Stored data entries
■ ■ ■ ■ ■
(* Let $X$ be a real Hilbert space, let $B\colon X\rightrightarrows X$ be maximally $\beta$-monotone with $\beta\ge0$, and let $C\colon X\to X$ be $\sigma$-cocoercive. Let $\gamma\in\,]0,4\sigma[$, $\eta\in\,]0,2-\frac\gamma{2\sigma}[$, and $T_{\rm FB}:=(1-\eta)\mathrm{Id}+\eta J_{\gamma B}(\mathrm{Id}-\gamma C)$. Let $x_0\in X$ and $x_{n+1}:=T_{\rm FB}x_n$. Then: (i) For all $x,y\in X$, $$\|T_{\rm FB}x-T_{\rm FB}y\|^2\le\|x-y\|^2-\Big(\frac{4\sigma-\gamma}{2\eta\sigma}-1\Big)\|(\mathrm{Id}-T_{\rm FB})x-(\mathrm{Id}-T_{\rm FB})y\|^2-\frac{\gamma}{2\eta\sigma}\|(\mathrm{Id}-T_{\rm FB})x-(\mathrm{Id}-T_{\rm FB})y-2\eta\sigma(Cx-Cy)\|^2;$$ in particular $T_{\rm FB}$ is $\frac{2\eta\sigma}{4\sigma-\gamma}$-averaged. (ii) If $\operatorname{zer}(B+C)\neq\varnothing$, then $\|x_n-T_{\rm FB}x_n\|=o(1/\sqrt n)$, $(x_n)$ converges weakly to some $x^*\in\operatorname{zer}(B+C)$, $(Cx_n)$ converges strongly to $Cx^*$, and $C(\operatorname{zer}(B+C))=\{Cx^*\}$. If additionally $\beta>0$, then $(x_n)$ converges strongly to $x^*$ and $\operatorname{zer}(B+C)=\{x^*\}$.
   Context: $J_B:=(\mathrm{Id}+B)^{-1}$; $\operatorname{zer}B:=\{x:0\in Bx\}$. $B$ is maximally $\beta$-monotone if $\langle x-y,u-v\rangle\ge\beta\|x-y\|^2$ for all $(x,u),(y,v)\in\operatorname{gra}B$ and no operator with this property has a graph properly containing $\operatorname{gra}B$. $C$ is $\sigma$-cocoercive if $\langle x-y,Cx-Cy\rangle\ge\sigma\|Cx-Cy\|^2$. $T$ is $\theta$-averaged ($\theta\in(0,1)$) if $T=(1-\theta)\mathrm{Id}+\theta N$ with $N$ nonexpansive. *)

theory Defs
  imports "HOL-Analysis.Analysis" "HOL-Library.Landau_Symbols"
begin

text \<open>Set-valued operators on X are modelled as functions 'a \<Rightarrow> 'a set;
  the graph of B is {(x,u). u \<in> B x}.\<close>

definition beta_monotone :: "real \<Rightarrow> ('a::real_inner \<Rightarrow> 'a set) \<Rightarrow> bool" where
  "beta_monotone \<beta> B \<longleftrightarrow>
     (\<forall>x y u v. u \<in> B x \<longrightarrow> v \<in> B y \<longrightarrow> inner (x - y) (u - v) \<ge> \<beta> * (norm (x - y))^2)"

definition max_beta_monotone :: "real \<Rightarrow> ('a::real_inner \<Rightarrow> 'a set) \<Rightarrow> bool" where
  "max_beta_monotone \<beta> B \<longleftrightarrow> beta_monotone \<beta> B \<and>
     (\<forall>B'. beta_monotone \<beta> B' \<and> (\<forall>x. B x \<subseteq> B' x) \<longrightarrow> B' = B)"

definition cocoercive :: "real \<Rightarrow> ('a::real_inner \<Rightarrow> 'a) \<Rightarrow> bool" where
  "cocoercive \<sigma> C \<longleftrightarrow> (\<forall>x y. inner (x - y) (C x - C y) \<ge> \<sigma> * (norm (C x - C y))^2)"

definition nonexpansive :: "('a::real_normed_vector \<Rightarrow> 'a) \<Rightarrow> bool" where
  "nonexpansive N \<longleftrightarrow> (\<forall>x y. norm (N x - N y) \<le> norm (x - y))"

definition averaged :: "real \<Rightarrow> ('a::real_normed_vector \<Rightarrow> 'a) \<Rightarrow> bool" where
  "averaged \<theta> T \<longleftrightarrow> 0 < \<theta> \<and> \<theta> < 1 \<and>
     (\<exists>N. nonexpansive N \<and> (\<forall>x. T x = (1 - \<theta>) *\<^sub>R x + \<theta> *\<^sub>R N x))"

text \<open>Scalar multiple \<gamma>B and resolvent J_{\<gamma>B} = (Id + \<gamma>B)^{-1}, as a relation and
  as a function (single-valued with full domain for maximally monotone B, by Minty).\<close>

definition op_scale :: "real \<Rightarrow> ('a::real_vector \<Rightarrow> 'a set) \<Rightarrow> 'a \<Rightarrow> 'a set" where
  "op_scale \<gamma> B x = (\<lambda>u. \<gamma> *\<^sub>R u) ` B x"

definition resolvent :: "('a::real_vector \<Rightarrow> 'a set) \<Rightarrow> 'a \<Rightarrow> 'a" where
  "resolvent A x = (THE p. x \<in> (\<lambda>u. p + u) ` A p)"

definition op_sum :: "('a::real_vector \<Rightarrow> 'a set) \<Rightarrow> ('a \<Rightarrow> 'a) \<Rightarrow> 'a \<Rightarrow> 'a set" where
  "op_sum B C x = (\<lambda>u. u + C x) ` B x"

definition zer :: "('a::real_vector \<Rightarrow> 'a set) \<Rightarrow> 'a set" where
  "zer A = {x. 0 \<in> A x}"

definition weakly_converges :: "(nat \<Rightarrow> 'a::real_inner) \<Rightarrow> 'a \<Rightarrow> bool" where
  "weakly_converges x l \<longleftrightarrow> (\<forall>y. (\<lambda>n. inner (x n) y) \<longlonglongrightarrow> inner l y)"

end

theory Submission
  imports Defs
begin

text \<open>
  Write \<open>J = J\<^sub>\<gamma>\<^sub>B\<close> and \<open>T = T\<^sub>F\<^sub>B\<close>. For \<open>p = J(u - \<gamma>Cu)\<close>, \<open>q = J(v - \<gamma>Cv)\<close> the vector
  \<open>(u - v) - \<gamma>(Cu - Cv) - (p - q)\<close> is \<open>\<gamma>\<close> times a difference of elements of \<open>Bp\<close> and \<open>Bq\<close>, so
  \<open>\<beta>\<close>-monotonicity of \<open>B\<close> and cocoercivity of \<open>C\<close> bound two inner products; expanding
  \<open>\<parallel>Tu - Tv\<parallel>\<^sup>2\<close> with \<open>Tu - Tv = (u - v) - \<eta>((u - v) - (p - q))\<close> gives (i), with a spare term
  \<open>2\<eta>\<gamma>\<beta>\<parallel>p - q\<parallel>\<^sup>2\<close>, and (i) says that \<open>T\<close> is averaged.

  The fixed points of \<open>T\<close> are the zeros of \<open>B + C\<close>. With \<open>v\<close> a fixed point, (i) makes
  \<open>\<parallel>x\<^sub>n - v\<parallel>\<^sup>2\<close> decrease by summable amounts; this gives the rate for the nonincreasing residuals,
  \<open>Cx\<^sub>n \<rightarrow> Cx\<^sup>*\<close>, and strong convergence when \<open>\<beta> > 0\<close>. With \<open>u\<close> and \<open>v\<close> both fixed, (i) shows
  that \<open>C\<close> is constant on the fixed points, which coincide when \<open>\<beta> > 0\<close>.

  Weak convergence is obtained without weak compactness: bounded closed convex sets in a Hilbert
  space have the finite intersection property (by a minimal-norm argument), so the closed convex
  hulls of the tails of \<open>(x\<^sub>n)\<close> have common points. Such a point is fixed by \<open>T\<close> because
  \<open>x\<^sub>n - Tx\<^sub>n \<rightarrow> 0\<close>, it is unique by Opial's argument, and uniqueness forces weak convergence.
  The same intersection property, together with Kirszbraun's extension lemma for finitely many
  points, proves Minty's theorem, which makes the resolvent \<open>J\<close> well defined.
\<close>

section \<open>Minimal-norm points and intersections of closed convex sets\<close>

lemma power2_norm_add:
  fixes u v :: "'a::real_inner"
  shows "(norm (u + v))^2 = (norm u)^2 + 2 * inner u v + (norm v)^2"
  by (simp add: power2_norm_eq_inner inner_add inner_commute)

lemma power2_norm_diff:
  fixes u v :: "'a::real_inner"
  shows "(norm (u - v))^2 = (norm u)^2 - 2 * inner u v + (norm v)^2"
  by (simp add: power2_norm_eq_inner inner_diff inner_commute)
■ ■ ■ ■ ■
WHAT YOU SHOULD DO
I'd like the lines above from the one with "(\<lambda>u. u +" up to and including the one with "Write \<open>J = J\<^sub>\<gamma>\<^sub>B\<close>" copied exactly, with no other lines.

WRITTEN SOLUTION
  "op_sum B C x = (\<lambda>u. u + C x) ` B x"

definition zer :: "('a::real_vector \<Rightarrow> 'a set) \<Rightarrow> 'a set" where
  "zer A = {x. 0 \<in> A x}"

definition weakly_converges :: "(nat \<Rightarrow> 'a::real_inner) \<Rightarrow> 'a \<Rightarrow> bool" where
  "weakly_converges x l \<longleftrightarrow> (\<forall>y. (\<lambda>n. inner (x n) y) \<longlonglongrightarrow> inner l y)"

end

theory Submission
  imports Defs
begin

text \<open>
  Write \<open>J = J\<^sub>\<gamma>\<^sub>B\<close> and \<open>T = T\<^sub>F\<^sub>B\<close>. For \<open>p = J(u - \<gamma>Cu)\<close>, \<open>q = J(v - \<gamma>Cv)\<close> the vector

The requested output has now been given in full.